А что такое – Круг? Зачем?
Спросить он, конечно, не рискнул, решил дождаться Деда и спросить у него. И так тут много хорошего и интересного. Когда в школе каникулы наступили, он вообще в Храм уезжал с утра, пел, занимался с регентом или читал в библиотеке, катался на велосипеде вокруг Храма и в парках, играл, если звали, с храмовыми мальчишками помладше в храмовых дворах и даже обедал с ними – так велел регент. Ему только неловко было, что он одет в другую, школьную одежду и волосы короткие, а мальчишки все в красивой, но очень уж черной одежде и с храмовыми косичками – но ведь он-то не храмовый… А чей же? Дедов? А если бы, как эти мальчишки, уже и в Храме учиться, а не в маленькой школе?
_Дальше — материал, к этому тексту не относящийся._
lemma transversal_vertex_div_mod:
  assumes "set xs \<subseteq> {..<s}" "j < length xs"
  shows "(j * s + xs ! j) div s = j" "(j * s + xs ! j) mod s = xs ! j"
proof -
  have "xs ! j < s" using assms by (auto simp: subset_iff)
  then show "(j * s + xs ! j) div s = j" "(j * s + xs ! j) mod s = xs ! j" by simp_all
qed

lemma transversal_in_clique_faces:
  assumes xs: "set xs \<subseteq> {..<s}" "length xs = k"
  shows "transversal s xs \<in> clique_faces (turan_vertices k s) (turan_edges k s) (int k - 1)"
proof -
  note part = transversal_vertex_div_mod[OF xs(1)]
  have vertex: "j * s + xs ! j < k * s" if "j < k" for j
  proof -
    have "j * s + xs ! j < (j + 1) * s" using xs that by (auto simp: subset_iff)
    also have "\<dots> \<le> k * s" using that by (intro mult_right_mono) simp_all
    finally show ?thesis .
  qed
  have "inj_on (\<lambda>j. j * s + xs ! j) {..<k}"
  proof (rule inj_onI)
    fix j j' assume j: "j \<in> {..<k}" "j' \<in> {..<k}" and eq: "j * s + xs ! j = j' * s + xs ! j'"
    have "j = (j * s + xs ! j) div s" using part(1) j xs(2) by simp
    also have "\<dots> = (j' * s + xs ! j') div s" by (simp only: eq)
    also have "\<dots> = j'" using part(1) j xs(2) by simp
    finally show "j = j'" .
  qed
  then have "card (transversal s xs) = k" by (simp add: transversal_def card_image xs(2))
  moreover have "is_clique (turan_vertices k s) (turan_edges k s) (transversal s xs)"
    unfolding is_clique_def
  proof (intro conjI ballI impI)
    show "transversal s xs \<subseteq> turan_vertices k s"
      using vertex xs(2) by (auto simp: transversal_def turan_vertices_def)
    fix a b assume "a \<in> transversal s xs" "b \<in> transversal s xs" "a \<noteq> b"
    then obtain j j' where "j < k" "j' < k" "a = j * s + xs ! j" "b = j' * s + xs ! j'"
      using xs(2) by (auto simp: transversal_def)
    then show "{a, b} \<in> turan_edges k s"
      using \<open>a \<noteq> b\<close> vertex part(1) xs(2) by (intro turan_edgeI) auto
  qed
  ultimately show ?thesis by (simp add: clique_faces_def transversal_def)
qed

lemma inj_on_transversal: "inj_on (transversal s) {xs. set xs \<subseteq> {..<s} \<and> length xs = k}"
proof (rule inj_onI)
  fix xs ys
  assume xs: "xs \<in> {xs. set xs \<subseteq> {..<s} \<and> length xs = k}"
    and ys: "ys \<in> {xs. set xs \<subseteq> {..<s} \<and> length xs = k}"
    and eq: "transversal s xs = transversal s ys"
  have "xs ! j = ys ! j" if "j < k" for j
  proof -
    have "j * s + xs ! j \<in> transversal s ys" using eq that xs by (auto simp: transversal_def)
    then obtain j' where "j' < k" and eq': "j * s + xs ! j = j' * s + ys ! j'"
      using ys by (auto simp: transversal_def)
    have "(j * s + xs ! j) div s = (j' * s + ys ! j') div s"
      "(j * s + xs ! j) mod s = (j' * s + ys ! j') mod s"
      using eq' by simp_all
    then show ?thesis
      using transversal_vertex_div_mod[of xs s j] transversal_vertex_div_mod[of ys s j']
        xs ys that \<open>j' < k\<close> by simp
  qed
  then show "xs = ys" using xs ys by (simp add: list_eq_iff_nth_eq)
qed

lemma card_turan_facets_ge:
  "s ^ k \<le> card (clique_faces (turan_vertices k s) (turan_edges k s) (int k - 1))"
proof -
  let ?L = "{xs. set xs \<subseteq> {..<s} \<and> length xs = k}"
  have "s ^ k = card (transversal s ` ?L)"
    using card_lists_length_eq[of "{..<s}" k] inj_on_transversal[of s k] by (simp add: card_image)
  also have "\<dots> \<le> card (clique_faces (turan_vertices k s) (turan_edges k s) (int k - 1))"
    using transversal_in_clique_faces
    by (intro card_mono finite_clique_faces) (auto simp: turan_vertices_def)
  finally show ?thesis .
qed

lemma card_turan_ridges_le:
  assumes "1 \<le> s" "1 \<le> k"
  shows "card (clique_faces (turan_vertices k s) (turan_edges k s) (int k - 2)) \<le> (k * s) ^ (k - 1)"
proof -
  have "clique_faces (turan_vertices k s) (turan_edges k s) (int k - 2)
      \<subseteq> {B. B \<subseteq> turan_vertices k s \<and> card B = k - 1}"
    using assms(2) by (auto simp: clique_faces_def is_clique_def)
  then have "card (clique_faces (turan_vertices k s) (turan_edges k s) (int k - 2))
      \<le> (k * s) choose (k - 1)"
    using card_mono[of "{B. B \<subseteq> turan_vertices k s \<and> card B = k - 1}"]
    by (simp add: n_subsets turan_vertices_def)
  also have "\<dots> \<le> (k * s) ^ (k - 1)"
    using assms by (intro binomial_le_pow) (metis diff_le_self le_trans mult_le_mono2 mult_1_right)
  finally show ?thesis .
qed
Это будет страшно или нет? Проситься, даже у Деда, он не решился, только стал еще строже петь. В библиотеку Храма его пускали, только он еще боялся тамошних старых книг с непонятными названиями. Орден – это что-то очень серьезное. Даже страшное. Тут очень многое связано с биологией, с генетикой, с медициной. С техниками развития. С легендами, с громадным глубоким прошлым. Но он приходил и молча смотрел на эти мрачные книги, не трогал – и послушно прочитывал все книжки про музыку для детей, которые, за руку уводя от страшных книг, давал ему старичок-библиотекарь Еще рылся, в каких позволено, нотах. Только там было много непонятного, связанного с чарами, с историей, а спрашивать он боялся… Никак не привыкнуть.
Сначала ему было все равно, что петь, лишь бы правильно, как нужно большим, но потом он стал задумываться над смыслом всех этих хоралов, что с утра до вечера звучали в нем единой прекрасной симфонией, и где были беспощадно сложные партии дискантов и альтов. Смысл его озадачил, но, в общем, понравился, и он много стал заниматься сам мелодикой, интонированием и нотной грамотой, пел на репетициях еще точнее – в нем жил какой-то трудно объяснимый идеальный образец, которому нужно было следовать – образец, который заключался не в словах, нотах, дыхании, – а в чем-то поверх всего этого, в чем-то, что через смысл и управляло энергиями мира. Только при условии достижения этого образца стоило петь. Иногда – легкие маленькие и дыхания не хватает – это было очень, очень трудно, но он старался. Сердце щемило и спина болела. Лоб мокрый, и по хребту ручьем. Легче было, если какой-либо тропарь давали учить не с нот, а с тех старинных записей голоса того же голосистого мальчика, одна из которых поразила его в первый приход в Храм. Старинный мальчик уж точно знал, как петь и какой смысл в каждом звуке. Где бы только узнать про этот смысл? Он ни с кем не пытался говорить об этом, он ведь тут еще не как все, а понарошку. Он тут не свой. Не для него – эти секреты. Но чаще стал приходить в библиотеку и смотреть на старые книги, которые нельзя трогать – может, тайный код этого смысла где-то тут, на стеллажах?